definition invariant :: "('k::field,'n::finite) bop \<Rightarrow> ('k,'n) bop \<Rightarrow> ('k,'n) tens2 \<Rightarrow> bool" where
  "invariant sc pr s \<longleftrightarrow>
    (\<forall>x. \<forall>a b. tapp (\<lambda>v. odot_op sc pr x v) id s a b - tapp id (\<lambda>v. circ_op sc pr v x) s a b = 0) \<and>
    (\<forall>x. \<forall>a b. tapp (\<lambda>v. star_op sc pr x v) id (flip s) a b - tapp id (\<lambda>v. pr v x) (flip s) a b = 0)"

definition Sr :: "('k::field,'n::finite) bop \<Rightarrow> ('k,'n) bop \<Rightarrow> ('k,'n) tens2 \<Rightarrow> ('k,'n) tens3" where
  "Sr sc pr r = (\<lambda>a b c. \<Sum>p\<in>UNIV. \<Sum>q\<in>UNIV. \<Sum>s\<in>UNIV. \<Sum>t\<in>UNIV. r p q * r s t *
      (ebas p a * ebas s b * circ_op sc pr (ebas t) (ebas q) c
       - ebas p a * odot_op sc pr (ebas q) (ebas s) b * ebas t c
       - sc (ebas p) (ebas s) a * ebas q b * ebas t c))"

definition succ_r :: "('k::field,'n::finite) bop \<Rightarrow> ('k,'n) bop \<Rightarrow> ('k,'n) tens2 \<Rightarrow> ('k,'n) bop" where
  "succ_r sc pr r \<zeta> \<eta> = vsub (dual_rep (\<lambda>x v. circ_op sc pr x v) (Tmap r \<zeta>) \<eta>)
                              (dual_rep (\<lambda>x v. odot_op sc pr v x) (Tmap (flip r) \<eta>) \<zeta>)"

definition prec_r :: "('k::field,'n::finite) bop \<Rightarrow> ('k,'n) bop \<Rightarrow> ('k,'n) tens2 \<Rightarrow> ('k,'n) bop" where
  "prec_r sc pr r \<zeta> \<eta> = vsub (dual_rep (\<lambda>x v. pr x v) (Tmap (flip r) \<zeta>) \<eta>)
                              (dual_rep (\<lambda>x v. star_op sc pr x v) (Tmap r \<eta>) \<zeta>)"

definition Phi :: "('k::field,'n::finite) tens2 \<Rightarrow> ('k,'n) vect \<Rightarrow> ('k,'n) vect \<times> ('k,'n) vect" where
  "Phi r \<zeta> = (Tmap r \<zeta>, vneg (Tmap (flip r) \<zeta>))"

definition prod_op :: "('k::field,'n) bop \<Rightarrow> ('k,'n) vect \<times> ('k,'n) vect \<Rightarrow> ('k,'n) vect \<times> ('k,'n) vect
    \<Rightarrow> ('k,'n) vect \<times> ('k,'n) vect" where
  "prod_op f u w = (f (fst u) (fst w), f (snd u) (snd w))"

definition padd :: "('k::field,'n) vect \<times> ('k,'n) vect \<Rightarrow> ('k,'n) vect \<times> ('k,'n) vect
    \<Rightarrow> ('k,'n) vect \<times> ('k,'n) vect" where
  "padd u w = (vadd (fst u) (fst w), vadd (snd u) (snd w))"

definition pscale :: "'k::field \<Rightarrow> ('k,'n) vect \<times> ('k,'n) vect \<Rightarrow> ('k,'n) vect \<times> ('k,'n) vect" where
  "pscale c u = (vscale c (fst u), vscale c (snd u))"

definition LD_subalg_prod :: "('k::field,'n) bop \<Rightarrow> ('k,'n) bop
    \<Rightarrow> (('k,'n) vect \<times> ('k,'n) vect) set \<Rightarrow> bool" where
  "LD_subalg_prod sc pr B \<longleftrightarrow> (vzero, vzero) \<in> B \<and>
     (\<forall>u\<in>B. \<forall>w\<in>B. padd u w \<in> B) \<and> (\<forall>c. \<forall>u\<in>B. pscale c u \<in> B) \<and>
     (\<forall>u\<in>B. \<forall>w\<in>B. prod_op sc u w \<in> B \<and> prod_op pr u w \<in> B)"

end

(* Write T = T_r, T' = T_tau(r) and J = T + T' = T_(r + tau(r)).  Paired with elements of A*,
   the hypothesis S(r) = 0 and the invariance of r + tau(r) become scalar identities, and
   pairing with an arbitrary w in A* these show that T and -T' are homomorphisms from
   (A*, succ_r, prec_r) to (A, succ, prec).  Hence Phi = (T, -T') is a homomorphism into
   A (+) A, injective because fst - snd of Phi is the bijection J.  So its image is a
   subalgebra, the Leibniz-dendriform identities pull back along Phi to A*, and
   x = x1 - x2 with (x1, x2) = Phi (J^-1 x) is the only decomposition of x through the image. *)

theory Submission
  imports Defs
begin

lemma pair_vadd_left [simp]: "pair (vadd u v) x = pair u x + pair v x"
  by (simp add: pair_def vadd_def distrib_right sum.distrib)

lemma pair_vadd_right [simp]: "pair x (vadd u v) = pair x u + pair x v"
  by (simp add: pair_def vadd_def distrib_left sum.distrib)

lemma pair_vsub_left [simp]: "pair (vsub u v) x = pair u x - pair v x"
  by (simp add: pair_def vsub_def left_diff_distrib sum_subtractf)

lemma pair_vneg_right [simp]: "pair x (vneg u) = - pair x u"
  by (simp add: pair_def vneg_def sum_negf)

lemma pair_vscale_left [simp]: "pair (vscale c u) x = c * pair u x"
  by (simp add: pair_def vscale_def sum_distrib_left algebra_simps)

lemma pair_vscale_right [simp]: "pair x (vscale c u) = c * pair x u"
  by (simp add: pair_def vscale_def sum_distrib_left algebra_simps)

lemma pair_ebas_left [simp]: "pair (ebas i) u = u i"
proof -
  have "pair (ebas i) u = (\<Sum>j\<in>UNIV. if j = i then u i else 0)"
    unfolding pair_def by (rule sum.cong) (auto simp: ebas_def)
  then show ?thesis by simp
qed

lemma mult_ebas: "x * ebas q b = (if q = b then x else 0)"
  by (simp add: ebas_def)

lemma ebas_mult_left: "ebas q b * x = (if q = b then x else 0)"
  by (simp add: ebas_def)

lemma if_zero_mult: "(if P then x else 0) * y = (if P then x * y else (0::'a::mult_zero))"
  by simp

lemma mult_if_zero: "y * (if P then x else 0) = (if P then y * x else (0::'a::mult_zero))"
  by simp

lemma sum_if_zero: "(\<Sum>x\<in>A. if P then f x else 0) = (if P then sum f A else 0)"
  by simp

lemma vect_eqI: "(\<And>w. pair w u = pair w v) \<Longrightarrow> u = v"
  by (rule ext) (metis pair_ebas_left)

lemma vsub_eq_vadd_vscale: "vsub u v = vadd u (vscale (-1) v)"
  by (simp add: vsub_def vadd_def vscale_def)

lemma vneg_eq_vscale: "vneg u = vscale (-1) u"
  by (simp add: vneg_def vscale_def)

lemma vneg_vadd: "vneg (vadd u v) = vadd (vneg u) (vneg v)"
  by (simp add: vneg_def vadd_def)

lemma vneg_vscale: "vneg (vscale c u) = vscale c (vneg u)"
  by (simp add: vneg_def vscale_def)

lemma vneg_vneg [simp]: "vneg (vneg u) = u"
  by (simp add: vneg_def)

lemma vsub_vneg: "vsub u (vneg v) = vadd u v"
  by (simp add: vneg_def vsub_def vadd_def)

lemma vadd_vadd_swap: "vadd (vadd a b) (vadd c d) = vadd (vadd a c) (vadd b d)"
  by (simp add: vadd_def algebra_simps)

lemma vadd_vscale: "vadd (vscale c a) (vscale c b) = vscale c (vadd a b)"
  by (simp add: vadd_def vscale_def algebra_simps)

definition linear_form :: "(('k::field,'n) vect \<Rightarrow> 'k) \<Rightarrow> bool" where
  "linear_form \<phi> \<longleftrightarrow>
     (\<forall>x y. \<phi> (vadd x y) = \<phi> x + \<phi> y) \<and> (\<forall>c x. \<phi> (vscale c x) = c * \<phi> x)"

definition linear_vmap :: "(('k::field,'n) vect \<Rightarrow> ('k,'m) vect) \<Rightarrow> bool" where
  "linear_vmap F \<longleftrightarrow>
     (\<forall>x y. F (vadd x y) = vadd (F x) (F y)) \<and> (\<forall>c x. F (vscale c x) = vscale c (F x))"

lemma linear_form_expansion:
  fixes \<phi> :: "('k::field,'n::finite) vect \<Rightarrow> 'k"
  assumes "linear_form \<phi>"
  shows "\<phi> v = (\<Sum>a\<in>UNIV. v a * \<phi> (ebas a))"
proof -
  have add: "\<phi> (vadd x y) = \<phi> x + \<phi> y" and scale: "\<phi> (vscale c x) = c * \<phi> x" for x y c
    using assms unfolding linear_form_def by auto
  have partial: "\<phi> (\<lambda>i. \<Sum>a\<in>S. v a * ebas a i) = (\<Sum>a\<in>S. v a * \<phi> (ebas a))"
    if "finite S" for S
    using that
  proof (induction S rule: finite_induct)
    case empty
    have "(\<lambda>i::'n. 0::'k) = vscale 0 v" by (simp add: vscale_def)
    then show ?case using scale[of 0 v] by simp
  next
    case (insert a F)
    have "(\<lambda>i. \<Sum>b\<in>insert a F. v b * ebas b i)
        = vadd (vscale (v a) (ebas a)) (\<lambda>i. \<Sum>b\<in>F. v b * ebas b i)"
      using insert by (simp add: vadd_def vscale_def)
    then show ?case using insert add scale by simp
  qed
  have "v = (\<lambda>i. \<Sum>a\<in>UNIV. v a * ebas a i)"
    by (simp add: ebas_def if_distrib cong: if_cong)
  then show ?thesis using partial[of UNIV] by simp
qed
==
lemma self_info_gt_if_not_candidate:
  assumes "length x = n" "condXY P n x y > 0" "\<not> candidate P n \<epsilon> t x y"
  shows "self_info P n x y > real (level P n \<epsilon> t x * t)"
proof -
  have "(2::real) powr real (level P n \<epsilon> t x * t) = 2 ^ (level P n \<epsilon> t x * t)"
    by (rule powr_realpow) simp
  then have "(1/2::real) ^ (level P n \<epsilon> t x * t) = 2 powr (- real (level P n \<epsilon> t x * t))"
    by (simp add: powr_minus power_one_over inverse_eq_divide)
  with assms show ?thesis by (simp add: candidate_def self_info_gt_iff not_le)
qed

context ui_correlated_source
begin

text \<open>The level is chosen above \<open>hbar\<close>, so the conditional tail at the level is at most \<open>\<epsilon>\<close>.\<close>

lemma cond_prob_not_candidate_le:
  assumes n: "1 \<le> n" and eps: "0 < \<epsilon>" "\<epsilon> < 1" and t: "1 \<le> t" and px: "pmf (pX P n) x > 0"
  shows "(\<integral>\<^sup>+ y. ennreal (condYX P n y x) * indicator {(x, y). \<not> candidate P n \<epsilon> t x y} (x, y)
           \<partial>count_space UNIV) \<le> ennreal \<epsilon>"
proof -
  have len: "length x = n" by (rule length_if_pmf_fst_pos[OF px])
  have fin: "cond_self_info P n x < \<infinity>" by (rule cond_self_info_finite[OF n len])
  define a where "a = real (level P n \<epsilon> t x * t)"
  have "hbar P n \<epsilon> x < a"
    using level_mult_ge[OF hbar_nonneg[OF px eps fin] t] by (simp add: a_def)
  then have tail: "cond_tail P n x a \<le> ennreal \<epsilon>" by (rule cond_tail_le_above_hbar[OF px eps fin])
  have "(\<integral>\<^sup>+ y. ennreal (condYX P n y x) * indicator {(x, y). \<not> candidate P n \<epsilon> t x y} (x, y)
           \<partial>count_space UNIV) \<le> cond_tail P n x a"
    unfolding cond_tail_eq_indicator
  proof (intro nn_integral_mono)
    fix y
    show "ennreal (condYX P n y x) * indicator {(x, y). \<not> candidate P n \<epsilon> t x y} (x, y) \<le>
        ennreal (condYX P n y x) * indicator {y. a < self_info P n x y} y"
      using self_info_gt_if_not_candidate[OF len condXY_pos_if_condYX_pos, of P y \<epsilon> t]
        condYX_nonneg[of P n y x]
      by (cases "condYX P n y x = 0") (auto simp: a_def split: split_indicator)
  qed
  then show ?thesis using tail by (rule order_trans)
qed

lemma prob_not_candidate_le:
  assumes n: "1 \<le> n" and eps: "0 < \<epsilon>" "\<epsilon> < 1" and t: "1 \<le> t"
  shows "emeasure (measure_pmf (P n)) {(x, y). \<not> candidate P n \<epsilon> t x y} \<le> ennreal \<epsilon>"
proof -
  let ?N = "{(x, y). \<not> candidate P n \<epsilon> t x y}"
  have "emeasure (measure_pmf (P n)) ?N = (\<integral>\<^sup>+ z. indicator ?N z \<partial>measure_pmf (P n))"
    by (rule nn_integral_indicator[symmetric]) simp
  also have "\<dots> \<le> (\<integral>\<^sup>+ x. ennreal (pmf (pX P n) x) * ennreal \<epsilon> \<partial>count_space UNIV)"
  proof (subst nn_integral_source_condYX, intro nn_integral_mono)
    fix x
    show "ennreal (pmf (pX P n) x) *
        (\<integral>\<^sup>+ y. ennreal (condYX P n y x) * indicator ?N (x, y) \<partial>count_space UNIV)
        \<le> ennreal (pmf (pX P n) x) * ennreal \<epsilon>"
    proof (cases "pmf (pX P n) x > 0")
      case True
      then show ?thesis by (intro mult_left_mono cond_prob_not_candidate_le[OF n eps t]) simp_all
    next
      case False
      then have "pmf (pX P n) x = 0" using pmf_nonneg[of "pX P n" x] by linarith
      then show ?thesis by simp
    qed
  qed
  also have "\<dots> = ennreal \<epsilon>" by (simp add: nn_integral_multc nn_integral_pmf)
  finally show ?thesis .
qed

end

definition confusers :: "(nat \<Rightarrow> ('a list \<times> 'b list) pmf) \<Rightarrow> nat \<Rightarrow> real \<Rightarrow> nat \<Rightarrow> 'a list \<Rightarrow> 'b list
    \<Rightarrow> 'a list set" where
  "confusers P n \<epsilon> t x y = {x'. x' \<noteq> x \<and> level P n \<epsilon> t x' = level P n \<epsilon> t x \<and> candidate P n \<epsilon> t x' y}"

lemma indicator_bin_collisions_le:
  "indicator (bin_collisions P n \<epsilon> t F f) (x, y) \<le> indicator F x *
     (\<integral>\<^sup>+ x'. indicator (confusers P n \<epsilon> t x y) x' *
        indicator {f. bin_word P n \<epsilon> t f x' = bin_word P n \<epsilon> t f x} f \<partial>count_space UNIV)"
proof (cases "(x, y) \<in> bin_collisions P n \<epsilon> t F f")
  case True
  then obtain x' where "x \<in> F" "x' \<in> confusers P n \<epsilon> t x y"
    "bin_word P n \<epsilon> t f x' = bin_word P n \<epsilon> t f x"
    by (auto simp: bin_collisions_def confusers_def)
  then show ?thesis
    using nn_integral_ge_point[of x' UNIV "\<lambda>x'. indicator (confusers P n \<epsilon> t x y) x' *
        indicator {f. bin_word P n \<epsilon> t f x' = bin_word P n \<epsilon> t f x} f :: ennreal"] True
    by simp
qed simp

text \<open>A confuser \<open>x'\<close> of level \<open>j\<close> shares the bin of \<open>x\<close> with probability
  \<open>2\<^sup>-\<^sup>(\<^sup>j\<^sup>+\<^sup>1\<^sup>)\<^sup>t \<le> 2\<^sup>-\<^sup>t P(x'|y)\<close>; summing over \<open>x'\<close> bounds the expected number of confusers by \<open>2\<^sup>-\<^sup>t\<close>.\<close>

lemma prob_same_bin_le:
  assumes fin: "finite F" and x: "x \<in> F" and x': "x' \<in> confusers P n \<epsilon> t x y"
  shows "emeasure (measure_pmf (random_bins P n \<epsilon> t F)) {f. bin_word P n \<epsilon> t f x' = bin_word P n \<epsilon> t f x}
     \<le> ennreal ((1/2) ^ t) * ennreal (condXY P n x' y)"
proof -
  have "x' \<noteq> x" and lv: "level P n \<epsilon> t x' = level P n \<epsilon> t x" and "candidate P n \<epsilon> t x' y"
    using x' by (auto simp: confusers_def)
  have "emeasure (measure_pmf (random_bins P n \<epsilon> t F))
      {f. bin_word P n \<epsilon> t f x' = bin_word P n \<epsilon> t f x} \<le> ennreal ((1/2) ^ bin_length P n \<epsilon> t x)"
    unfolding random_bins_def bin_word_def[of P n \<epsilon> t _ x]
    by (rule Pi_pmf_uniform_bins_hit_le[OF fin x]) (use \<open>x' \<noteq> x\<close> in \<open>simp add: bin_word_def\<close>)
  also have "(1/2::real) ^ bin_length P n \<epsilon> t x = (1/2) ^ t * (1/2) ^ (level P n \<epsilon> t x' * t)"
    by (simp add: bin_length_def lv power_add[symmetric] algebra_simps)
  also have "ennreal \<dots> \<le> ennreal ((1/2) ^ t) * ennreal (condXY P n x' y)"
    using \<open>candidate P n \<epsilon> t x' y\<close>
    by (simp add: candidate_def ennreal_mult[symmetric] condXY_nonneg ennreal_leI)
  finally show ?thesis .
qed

● Work instruction:
Using the data above, reproduce exactly the lines between those holding "w v) \<Longrightarrow>" and "(vadd a b) (vadd", inclusive, and no others.

● Written solution:
lemma vect_eqI: "(\<And>w. pair w u = pair w v) \<Longrightarrow> u = v"
  by (rule ext) (metis pair_ebas_left)

lemma vsub_eq_vadd_vscale: "vsub u v = vadd u (vscale (-1) v)"
  by (simp add: vsub_def vadd_def vscale_def)

lemma vneg_eq_vscale: "vneg u = vscale (-1) u"
  by (simp add: vneg_def vscale_def)

lemma vneg_vadd: "vneg (vadd u v) = vadd (vneg u) (vneg v)"
  by (simp add: vneg_def vadd_def)

lemma vneg_vscale: "vneg (vscale c u) = vscale c (vneg u)"
  by (simp add: vneg_def vscale_def)

lemma vneg_vneg [simp]: "vneg (vneg u) = u"
  by (simp add: vneg_def)

lemma vsub_vneg: "vsub u (vneg v) = vadd u v"
  by (simp add: vneg_def vsub_def vadd_def)

lemma vadd_vadd_swap: "vadd (vadd a b) (vadd c d) = vadd (vadd a c) (vadd b d)"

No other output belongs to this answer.